Suite au rachat de la société par le fonds d’investissement Montagu, différents projets d’optimisation ont été lancés à compter de septembre 2014 avec pour objectif la sauvegarde de la compétitivité de la société sur un marché devenu très concurrentiel et de garantir une croissance pérenne de ses activités.
Pour remplir ses objectifs, la société a estimé qu’elle devait rationaliser son organisation commerciale en modifiant la répartition géographique des attachés commerciaux et leur rémunération, et a proposé dès le mois de février 2016 à ces salariés une modification de leur contrat de travail en ce sens.

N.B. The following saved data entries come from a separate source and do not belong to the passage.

(* For every $\gamma\in[0,1)$, with $\tau_\gamma$ and $Y^*_\gamma$ as described below, $\mathcal R(\gamma)=\mathbf E\big(Z\mid Y^*_\gamma\neq 0\big)$, where $Z:=\min(\eta(X),1-\eta(X))=\frac{p_1f_1\wedge p_2f_2}{p_1f_1+p_2f_2}(X)$; equivalently, $\mathcal R(\gamma)$ is the conditional expectation of $Z$ given that $Z<1-\tau_\gamma$ or that $X$ lies in the part of the boundary $\{Z=1-\tau_\gamma\}$ on which a decision is made. Moreover, the map $\gamma\mapsto\mathcal R(\gamma)$ is continuous and non-increasing on $[0,1)$.
   Context: Setup (binary classification with indecisions). $(\mathcal X,\mathcal U)$ is a measurable space with a $\sigma$-finite measure $\mu$; $P_1\neq P_2$ are probability measures with densities $f_1,f_2$ with respect to $\mu$; $p_1,p_2>0$, $p_1+p_2=1$; $\mathbf P(Y=i)=p_i$ and given $Y=i$, $X\sim P_i$. A classifier is a measurable $\tilde Y(X,U)\in\{0,1,2\}$ with $U\sim\mathrm{Unif}[0,1]$ independent of $(X,Y)$; $0$ means indecision. $\eta(x)=\frac{p_1f_1(x)}{p_1f_1(x)+p_2f_2(x)}$. $\mathcal R(\gamma):=\inf\mathbf P(\tilde Y\neq Y\mid\tilde Y\neq0)$ over classifiers with $\mathbf P(\tilde Y=0)=\gamma$. The oracle classifier $Y^*_\gamma$: for a threshold $\tau_\gamma\in[1/2,1]$, $\mathbf P(Y^*_\gamma=0)=\gamma$, a.s. $\{1-\tau_\gamma<\eta(X)<\tau_\gamma\}\subset\{Y^*_\gamma=0\}\subset\{1-\tau_\gamma\le\eta(X)\le\tau_\gamma\}$, and $Y^*_\gamma=\arg\max_{i\in\{1,2\}}p_if_i(X)$ on $\{Y^*_\gamma\ne0\}$; such a classifier attains $\mathcal R(\gamma)$. *)

theory Defs
  imports "HOL-Analysis.Analysis"
begin

definition eta :: "real \<Rightarrow> real \<Rightarrow> ('a \<Rightarrow> real) \<Rightarrow> ('a \<Rightarrow> real) \<Rightarrow> 'a \<Rightarrow> real" where
  "eta p1 p2 f1 f2 x = p1 * f1 x / (p1 * f1 x + p2 * f2 x)"

definition Zfun :: "real \<Rightarrow> real \<Rightarrow> ('a \<Rightarrow> real) \<Rightarrow> ('a \<Rightarrow> real) \<Rightarrow> 'a \<Rightarrow> real" where
  "Zfun p1 p2 f1 f2 x = min (eta p1 p2 f1 f2 x) (1 - eta p1 p2 f1 f2 x)"

text \<open>Joint law of (Y, X, U): Y in {1,2} with P(Y=i) = p_i, X given Y=i has density f_i
  w.r.t. M, and U uniform on [0,1] independent of (X,Y).\<close>
definition joint :: "'a measure \<Rightarrow> real \<Rightarrow> real \<Rightarrow> ('a \<Rightarrow> real) \<Rightarrow> ('a \<Rightarrow> real)
    \<Rightarrow> (nat \<times> 'a \<times> real) measure" where
  "joint M p1 p2 f1 f2 =
     density (count_space {1, 2} \<Otimes>\<^sub>M (M \<Otimes>\<^sub>M lborel))
       (\<lambda>(i, x, u). ennreal ((if i = 1 then p1 * f1 x else p2 * f2 x) * indicator {0..1} u))"

text \<open>A (randomized) classifier: measurable function of (X,U) with values in {0,1,2};
  the value 0 means indecision.\<close>
definition classifier :: "'a measure \<Rightarrow> ('a \<Rightarrow> real \<Rightarrow> nat) \<Rightarrow> bool" where
  "classifier M g \<longleftrightarrow>
     (\<lambda>(x, u). g x u) \<in> (M \<Otimes>\<^sub>M borel) \<rightarrow>\<^sub>M count_space UNIV \<and> (\<forall>x u. g x u \<in> {0, 1, 2})"

definition indecision_prob :: "(nat \<times> 'a \<times> real) measure \<Rightarrow> ('a \<Rightarrow> real \<Rightarrow> nat) \<Rightarrow> real" where
  "indecision_prob J g = measure J {(i, x, u) \<in> space J. g x u = 0}"

definition cond_error :: "(nat \<times> 'a \<times> real) measure \<Rightarrow> ('a \<Rightarrow> real \<Rightarrow> nat) \<Rightarrow> real" where
  "cond_error J g =
     measure J {(i, x, u) \<in> space J. g x u \<noteq> 0 \<and> g x u \<noteq> i}
     / measure J {(i, x, u) \<in> space J. g x u \<noteq> 0}"

definition Rrisk :: "'a measure \<Rightarrow> real \<Rightarrow> real \<Rightarrow> ('a \<Rightarrow> real) \<Rightarrow> ('a \<Rightarrow> real) \<Rightarrow> real \<Rightarrow> real" where
  "Rrisk M p1 p2 f1 f2 \<gamma> =
     Inf {cond_error (joint M p1 p2 f1 f2) g | g. classifier M g \<and>
            indecision_prob (joint M p1 p2 f1 f2) g = \<gamma>}"

definition is_oracle :: "'a measure \<Rightarrow> real \<Rightarrow> real \<Rightarrow> ('a \<Rightarrow> real) \<Rightarrow> ('a \<Rightarrow> real)
    \<Rightarrow> real \<Rightarrow> real \<Rightarrow> ('a \<Rightarrow> real \<Rightarrow> nat) \<Rightarrow> bool" where
  "is_oracle M p1 p2 f1 f2 \<gamma> \<tau> g \<longleftrightarrow>
     classifier M g \<and> 1/2 \<le> \<tau> \<and> \<tau> \<le> 1 \<and>
     indecision_prob (joint M p1 p2 f1 f2) g = \<gamma> \<and>
     (AE (i, x, u) in joint M p1 p2 f1 f2.
        (1 - \<tau> < eta p1 p2 f1 f2 x \<and> eta p1 p2 f1 f2 x < \<tau> \<longrightarrow> g x u = 0) \<and>
        (g x u = 0 \<longrightarrow> 1 - \<tau> \<le> eta p1 p2 f1 f2 x \<and> eta p1 p2 f1 f2 x \<le> \<tau>) \<and>
        (g x u = 1 \<longrightarrow> p1 * f1 x \<ge> p2 * f2 x) \<and>
        (g x u = 2 \<longrightarrow> p2 * f2 x \<ge> p1 * f1 x))"

definition cond_exp_Z :: "'a measure \<Rightarrow> real \<Rightarrow> real \<Rightarrow> ('a \<Rightarrow> real) \<Rightarrow> ('a \<Rightarrow> real)
    \<Rightarrow> ('a \<Rightarrow> real \<Rightarrow> nat) \<Rightarrow> real" where
  "cond_exp_Z M p1 p2 f1 f2 g =
     (\<integral>\<omega>. Zfun p1 p2 f1 f2 (fst (snd \<omega>)) *
            indicator {(i, x, u). g x u \<noteq> 0} \<omega> \<partial>joint M p1 p2 f1 f2)
     / measure (joint M p1 p2 f1 f2) {(i, x, u) \<in> space (joint M p1 p2 f1 f2). g x u \<noteq> 0}"

end

(* Conditionally on (X, U), a classifier that decides 1 (resp. 2) errs with probability
   1 - eta(X) (resp. eta(X)), which is at least Z = min(eta, 1 - eta), with equality for the
   Bayes decision.  So the error mass P(Y~ <> Y, Y~ <> 0) of any classifier is at least
   E(Z; Y~ <> 0), with equality for an oracle.  An oracle with threshold tau decides exactly
   where Z <= 1 - tau, so it minimises the Lagrangian E((Z - (1 - tau)); Y~ <> 0) pointwise;
   comparing classifiers with the same indecision probability gives R(gamma) = E(Z | Y* <> 0).
   Oracles exist for every gamma: take 1 - tau to be a quantile of Z and use U to decide on
   the right fraction of the level set {Z = 1 - tau}.
   As a function of the decision probability m = 1 - gamma, A(m) = E(Z; Y* <> 0) has the
   thresholds 1 - tau in [0, 1/2] as subgradients (the same Lagrangian inequality), so it is
   1/2-Lipschitz; together with A(0) = 0 this makes R(1 - m) = A(m) / m non-decreasing in m. *)

theory Submission
  imports Defs "HOL-Probability.Distribution_Functions"
begin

Après refus d’une partie des salariés, désaccord des instances représentatives sur un accord collectif d’un plan de sauvegarde de l’emploi par procès-verbal de constat de désaccord du 29 juillet 2016, la société a soumis à la Direccte Paca le 31 août 2016 un document unilatéral portant sur le projet de licenciement collectif, homologué par décision en date du 19 septembre 2016 devenue définitive par jugement en date du 24 janvier 2017 du tribunal administratif de Nice.
M. [G] [U] a été licencié pour motif économique.
Invoquant notamment l’absence de cause réelle et sérieuse de son licenciement pour motif économique le salarié a saisi le conseil de prud’hommes de Grasse d’une demande tendant à voir l’indemniser des divers préjudices en résultant.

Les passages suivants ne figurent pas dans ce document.